### GOAL OF THE EXERCISE
Search the data for the word "theorem" and copy each line that has it.

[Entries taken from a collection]
━━━━━━━━━━━━━━━━━━━━━━━━━━━━━━

(* Prime types are deductively closed and split derivable conjunctions and disjunctions, which
   gives the type conditions; an implication a \<rightarrow> b in \<Phi>\<^sup>- is refuted by a Lindenbaum
   extension of (\<Phi>\<^sup>+ \<union> {a}, {b}), which is consistent by the deduction theorem.
   The successor relation is a function: every sensible successor of a prime type \<Phi> contains,
   and being prime therefore equals, next_type \<Phi> = ({a. \<circ>a \<in> \<Phi>\<^sup>+}, {a. \<circ>a \<in> \<Phi>\<^sup>-}).
   This pair is prime because \<circ> commutes with finite conjunctions and disjunctions (N1-N4), and
   sensible because of the unfolding \<Diamond>a \<leftrightarrow> a \<or> \<circ>\<Diamond>a and the axiom \<forall>a \<leftrightarrow> \<circ>\<forall>a;
   monotonicity of next_type is immediate. *)

lemma mem_Lang_iff [simp]: "a \<in> Lang M \<longleftrightarrow> inL M a"
  by (simp add: Lang_def)

lemma inL_Top [simp]: "inL M Top"
  by (simp add: Top_def)

lemma inL_conjs: "set gs \<subseteq> Lang M \<Longrightarrow> inL M (conjs gs)"
  by (induction gs rule: conjs.induct) auto

lemma inL_disjs: "set ds \<subseteq> Lang M \<Longrightarrow> inL M (disjs ds)"
  by (induction ds rule: disjs.induct) auto

lemma derives_mono: "derives \<Lambda> \<Gamma> \<Delta> \<Longrightarrow> \<Gamma> \<subseteq> \<Gamma>' \<Longrightarrow> \<Delta> \<subseteq> \<Delta>' \<Longrightarrow> derives \<Lambda> \<Gamma>' \<Delta>'"
  unfolding derives_def by blast

lemma not_derives_Union_chain:
  assumes "C \<noteq> {}" and chain: "subset.chain UNIV C"
    and consistent: "\<And>X. X \<in> C \<Longrightarrow> \<not> derives \<Lambda> (Inl -` X) (Inr -` X)"
  shows "\<not> derives \<Lambda> (Inl -` \<Union>C) (Inr -` \<Union>C)"
proof
  assume "derives \<Lambda> (Inl -` \<Union>C) (Inr -` \<Union>C)"
  then obtain gs ds where gs: "set gs \<subseteq> Inl -` \<Union>C" and ds: "set ds \<subseteq> Inr -` \<Union>C"
    and derivation: "Imp (conjs gs) (disjs ds) \<in> \<Lambda>"
    unfolding derives_def by blast
  have "finite (Inl ` set gs \<union> Inr ` set ds)" "Inl ` set gs \<union> Inr ` set ds \<subseteq> \<Union>C"
    using gs ds by auto
  then obtain X where "X \<in> C" "Inl ` set gs \<union> Inr ` set ds \<subseteq> X"
    using finite_subset_Union_chain[OF _ _ \<open>C \<noteq> {}\<close> chain] by metis
  moreover from this have "derives \<Lambda> (Inl -` X) (Inr -` X)"
    using derivation unfolding derives_def by blast
  ultimately show False using consistent by blast
qed
lemma nv_linear_functional_le:
  assumes lin: "Vector_Spaces.linear mscale (*) \<phi>"
    and X: "\<And>i j. \<not> (i < n \<and> j < n) \<Longrightarrow> X i j = 0"
    and bound: "\<And>i j. i < n \<Longrightarrow> j < n \<Longrightarrow> nv (X i j) \<le> e" and "0 \<le> e"
  shows "nv (\<phi> X) \<le> (\<Sum>(a, b)\<in>{..<n} \<times> {..<n}. nv (\<phi> (mat_unit a b))) * e"
proof -
  interpret mat_functional: vector_space_pair mscale "(*) :: 'k \<Rightarrow> 'k \<Rightarrow> 'k"
    by (intro vector_space_pair.intro mat.vector_space_axioms vector_space_mult)
  let ?C = "\<Sum>(a, b)\<in>{..<n} \<times> {..<n}. nv (\<phi> (mat_unit a b))"
  have "\<phi> X = \<phi> (\<Sum>(a, b)\<in>{..<n} \<times> {..<n}. mscale (X a b) (mat_unit a b))"
    using mat_unit_expansion[OF X] by (rule arg_cong)
  also have "\<dots> = (\<Sum>(a, b)\<in>{..<n} \<times> {..<n}. X a b * \<phi> (mat_unit a b))"
    by (simp add: mat_functional.linear_sum[OF lin] mat_functional.linear_scale[OF lin] o_def case_prod_unfold)
  also have "nv \<dots> \<le> ?C * e"
  proof (rule nv_sum_le)
    fix q :: "nat \<times> nat"
    assume q: "q \<in> {..<n} \<times> {..<n}"
    have "nv (\<phi> (mat_unit (fst q) (snd q))) \<le> ?C"
      using q member_le_sum[of q "{..<n} \<times> {..<n}" "\<lambda>(a, b). nv (\<phi> (mat_unit a b))"] nv_nonneg
      by (auto simp: case_prod_beta)
    then show "nv (case q of (a, b) \<Rightarrow> X a b * \<phi> (mat_unit a b)) \<le> ?C * e"
      using q bound nv_nonneg \<open>0 \<le> e\<close>
      by (auto simp: case_prod_beta nv_mult mult.commute intro!: mult_mono)
  qed (use \<open>0 \<le> e\<close> in \<open>auto intro!: mult_nonneg_nonneg sum_nonneg simp: nv_nonneg split: prod.split\<close>)
  finally show ?thesis .
qed
(* In the setting below, suppose that $$g(x)=\gcd(g_{11}(x),g_{22}(x))=\gcd(g_{11}(x),g_{11}^*(x))=\gcd(g_{22}(x),g_{22}^*(x)),$$ that $g(x)$ is self-reciprocal, and that $g_{11}(x)g_{22}(x)$ is self-reciprocal. Then $C$ is symplectic LCD.
   Context: Let $q$ be a prime power, $F=\mathbb{F}_q$, $m\ge1$ with $\gcd(q,m)=1$, and $R=F[x]/\langle x^m-1\rangle$; elements of $R$ are represented by polynomials of degree $<m$ and identified with their coefficient vectors in $F^m$. A quasi-cyclic code of length $2m$ and index $2$ is an $R$-submodule $C\subseteq R^2$. For $a,b\in R$ let $\langle a,b\rangle_e$ be the standard dot product of their coefficient vectors. The symplectic form on $R^2$ is $\langle (a_1,a_2),(b_1,b_2)\rangle_s=\langle a_1,b_2\rangle_e-\langle a_2,b_1\rangle_e$; $C$ is symplectic LCD if $C\cap C^{\perp_s}=\{0\}$. For a nonzero polynomial $f$ of degree $k$, $f^*(x)=x^kf(x^{-1})$; $f$ is self-reciprocal if $f^*=\alpha f$ for some $\alpha\in F$. Gcds are taken monic. Suppose $C$ is generated as an $R$-module by $(g_{11}(x),g_{12}(x))$ and $(0,g_{22}(x))$, where $g_{11},g_{12},g_{22}\in F[x]$ satisfy: $g_{11}\mid x^m-1$, $g_{22}\mid x^m-1$, $\deg g_{12}<\deg g_{22}$, and $g_{11}g_{22}\mid (x^m-1)g_{12}$. *)

theory Defs
  imports "HOL-Computational_Algebra.Computational_Algebra"
begin
lemma Wext_scale: "Wext (sc c x) = sc c (Wext x)"
proof (cases "c = 0")
  case True
  obtain f where "Q f > 0" by (rule ex_Q_pos)
  then show ?thesis using Wext_eq[of f 0] True by simp
next
  case False
  obtain f where f: "Q f > 0" "Q (x + f) > 0" by (rule ex_pos_translate)
  then have "Q (sc c f) > 0" "Q (sc c x + sc c f) > 0"
    using False by (simp_all add: Q_scale scale_right_distrib[symmetric])
  then have "Wext (sc c x) = W (sc c x + sc c f) - W (sc c f)" by (rule Wext_eq)
  also have "\<dots> = W (sc c (x + f)) - W (sc c f)" by (simp add: scale_right_distrib)
  also have "\<dots> = sc c (Wext x)"
    using W_scale f False Wext_eq[OF f] by (simp add: scale_right_diff_distrib)
  finally show ?thesis .
qed

lemma linear_Wext: "Vector_Spaces.linear sc sc Wext"
  unfolding Vector_Spaces.linear_iff using Wext_add Wext_scale vector_space_axioms by blast

sublocale Wext: Vector_Spaces.linear sc sc Wext
  by (rule linear_Wext)

lemma linear_extension_unique:
  assumes "Vector_Spaces.linear sc sc V" "\<forall>f\<in>Fpp B. V f = W f"
  shows "V = Wext"
proof
  fix x
  interpret V: Vector_Spaces.linear sc sc V by fact
  obtain f where f: "Q f > 0" "Q (x + f) > 0" by (rule ex_pos_translate)
  have "V x = V (x + f) - V f" by (simp add: V.add)
  also have "\<dots> = Wext (x + f) - Wext f" using assms(2) f by (simp add: mem_Fpp_iff Wext_eq_W)
  also have "\<dots> = Wext x" by (simp add: Wext.add)
  finally show "V x = Wext x" .
qed

lemma Wext_eq_0_iff: "Wext x = 0 \<longleftrightarrow> x = 0"
proof
  assume "Wext x = 0"
  obtain f where f: "Q f > 0" "Q (x + f) > 0" by (rule ex_pos_translate)
  then have "W (x + f) = W f" using Wext_eq \<open>Wext x = 0\<close> by simp
  then have "x + f = f" using W_inj f by blast
  then show "x = 0" by simp
qed simp

lemma inj_Wext: "inj Wext"
  by (rule injI) (metis Wext.diff Wext_eq_0_iff right_minus_eq)

lemma surj_Wext: "surj Wext"
proof -
  have "y \<in> range Wext" for y
  proof -
    obtain f where f: "Q f > 0" "Q (y + f) > 0" by (rule ex_pos_translate)
    obtain u where u: "Q u > 0" "W u = y + f" using W_surj f(2) by blast
    obtain v where v: "Q v > 0" "W v = f" using W_surj f(1) by blast
    have "Wext (u - v) = y" using u v by (simp add: Wext.diff Wext_eq_W)
    then show ?thesis by (metis rangeI)
  qed
  then show ?thesis by blast
qed

lemma bij_Wext: "bij Wext"
  using inj_Wext surj_Wext by (rule bijI)

lemma Q_Wext_pos_iff: "Q (Wext x) > 0 \<longleftrightarrow> Q x > 0"
proof
  assume "Q (Wext x) > 0"
  then obtain h where "Q h > 0" "W h = Wext x" by (rule W_surj)
  then have "Wext h = Wext x" by (simp add: Wext_eq_W)
  then show "Q x > 0" using inj_Wext \<open>Q h > 0\<close> by (metis injD)
qed (simp add: Wext_eq_W Q_W_pos)

text \<open>Along the line through f in direction g, Wext preserves the positivity set of the
  quadratic t \<mapsto> Q (f + t g).\<close>
lemma Wext_quadratic_identities:
  assumes "Q f > 0" "Q g < 0"
  shows "Q f * Re (B (Wext f) (Wext g)) = Q (Wext f) * Re (B f g)"
    and "Q f * Q (Wext g) = Q (Wext f) * Q g"
proof -
  have same_pos: "Q f + 2 * Re (B f g) * t + Q g * t^2 > 0
    \<longleftrightarrow> Q (Wext f) + 2 * Re (B (Wext f) (Wext g)) * t + Q (Wext g) * t^2 > 0" for t
    using Q_Wext_pos_iff[of "f + sc (of_real t) g"] by (simp add: Wext.add Wext.scale Q_add_scale)
  have "Q (Wext f) > 0" using assms(1) by (simp add: Q_Wext_pos_iff)
  from quadratics_same_positivity_proportional[OF assms this same_pos]
  show "Q f * Re (B (Wext f) (Wext g)) = Q (Wext f) * Re (B f g)"
    and "Q f * Q (Wext g) = Q (Wext f) * Q g" .
qed

definition theta :: real where
  "theta = Inf ((\<lambda>f. Q (W f) / Q f) ` Fpp B)"

lemma Q_W_eq_theta: "Q f > 0 \<Longrightarrow> Q (W f) = theta * Q f"
proof -
  obtain g where "Q g < 0" by (rule ex_Q_neg)
  define r where "r = Q (Wext g) / Q g"
  have ratio: "Q (W f) / Q f = r" if "Q f > 0" for f
    using Wext_quadratic_identities(2)[OF that \<open>Q g < 0\<close>] that \<open>Q g < 0\<close>
    by (simp add: r_def Wext_eq_W field_simps)
  obtain f0 where "Q f0 > 0" by (rule ex_Q_pos)
  then have "(\<lambda>f. Q (W f) / Q f) ` Fpp B = {r}"
    using ratio by (auto simp: mem_Fpp_iff image_iff)
  then have "theta = r" by (simp add: theta_def)
  then show "Q f > 0 \<Longrightarrow> Q (W f) = theta * Q f" using ratio by (simp add: field_simps)
qed

lemma theta_pos: "theta > 0"
proof -
  obtain f where "Q f > 0" by (rule ex_Q_pos)
  then show ?thesis using Q_W_eq_theta[of f] Q_W_pos[of f] by (simp add: zero_less_mult_iff)
qed

lemma Re_B_Wext_pos_neg:
  assumes "Q f > 0" "Q g < 0"
  shows "Re (B (Wext f) (Wext g)) = theta * Re (B f g)"
  using Wext_quadratic_identities(1)[OF assms] Q_W_eq_theta[OF \<open>Q f > 0\<close>] \<open>Q f > 0\<close>
  by (simp add: Wext_eq_W)

lemma Re_B_Wext_pos:
  assumes "Q f > 0"
  shows "Re (B (Wext f) (Wext y)) = theta * Re (B f y)"
proof -
  obtain g where "Q g < 0" by (rule ex_Q_neg)
  then have "eventually (\<lambda>t. t > 0 \<and> Q (y + sc (of_real t) g) < 0) at_top"
    by (intro eventually_conj eventually_gt_at_top eventually_Q_add_scale_neg)
  then obtain t where "t > 0" "Q (y + sc (of_real t) g) < 0"
    using eventually_happens'[OF trivial_limit_at_top_linorder] by blast
  moreover have "Q (sc (of_real t) g) < 0"
    using \<open>t > 0\<close> \<open>Q g < 0\<close> by (simp add: Q_scale mult_pos_neg)
  ultimately show ?thesis
    using Re_B_Wext_pos_neg[OF assms, of "y + sc (of_real t) g"] Re_B_Wext_pos_neg[OF assms, of "sc (of_real t) g"]
    by (simp add: Wext.add Wext.scale B_add_right algebra_simps)
qed

lemma Re_B_Wext: "Re (B (Wext x) (Wext y)) = theta * Re (B x y)"
proof -
  obtain f where "Q f > 0" "Q (x + f) > 0" by (rule ex_pos_translate)
  then show ?thesis
    using Re_B_Wext_pos[of f y] Re_B_Wext_pos[of "x + f" y]
    by (simp add: Wext.add B_add_left algebra_simps)
qed

lemma B_Wext: "B (Wext x) (Wext y) = of_real theta * B x y"
proof (rule complex_eqI)
  show "Re (B (Wext x) (Wext y)) = Re (of_real theta * B x y)"
    by (simp add: Re_B_Wext)
  have Im_B: "Im (B u v) = Re (B u (sc (- \<i>) v))" for u v
    using B_scale_right[of u "- \<i>" v] by simp
  show "Im (B (Wext x) (Wext y)) = Im (of_real theta * B x y)"
    using Re_B_Wext[of x "sc (- \<i>) y"] by (simp add: Im_B Wext.scale Wext.neg)
qed

end

theorem theorem2p3:
  fixes sc :: "complex \<Rightarrow> 'a::ab_group_add \<Rightarrow> 'a"
    and B :: "'a \<Rightarrow> 'a \<Rightarrow> complex"
    and W :: "'a \<Rightarrow> 'a"
  assumes "vector_space sc"
    and "hermitian_sesq sc B"
    and "indefinite B"
    and "nondegenerate B"
    and "linear_on sc (Fpp B) W"
    and "bij_betw W (Fpp B) (Fpp B)"
  shows "(\<exists>!V. Vector_Spaces.linear sc sc V \<and> (\<forall>f\<in>Fpp B. V f = W f))
    \<and> (let \<theta> = Inf ((\<lambda>f. Re (B (W f) (W f)) / Re (B f f)) ` Fpp B) in
         \<theta> > 0 \<and>
         (\<forall>V. Vector_Spaces.linear sc sc V \<and> (\<forall>f\<in>Fpp B. V f = W f) \<longrightarrow>
              bij V \<and> (\<forall>f g. B (V f) (V g) = complex_of_real \<theta> * B f g)))"
proof -
  interpret cone_bijection sc B W
    using assms by (intro cone_bijection.intro indefinite_form.intro hermitian_form.intro
        cone_bijection_axioms.intro indefinite_form_axioms.intro hermitian_form_axioms.intro)
  have "\<forall>f\<in>Fpp B. Wext f = W f" by (simp add: mem_Fpp_iff Wext_eq_W)
  then have "\<exists>!V. Vector_Spaces.linear sc sc V \<and> (\<forall>f\<in>Fpp B. V f = W f)"
    using linear_Wext linear_extension_unique by blast
  then show ?thesis
    using theta_pos bij_Wext B_Wext linear_extension_unique
    unfolding Let_def theta_def[symmetric] by blast
qed

end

━━━━━━━━━━━━━━━━━━━━━━━━━━━━━━

### ANSWER TO THE PROBLEM
   extension of (\<Phi>\<^sup>+ \<union> {a}, {b}), which is consistent by the deduction theorem.
theorem theorem2p3:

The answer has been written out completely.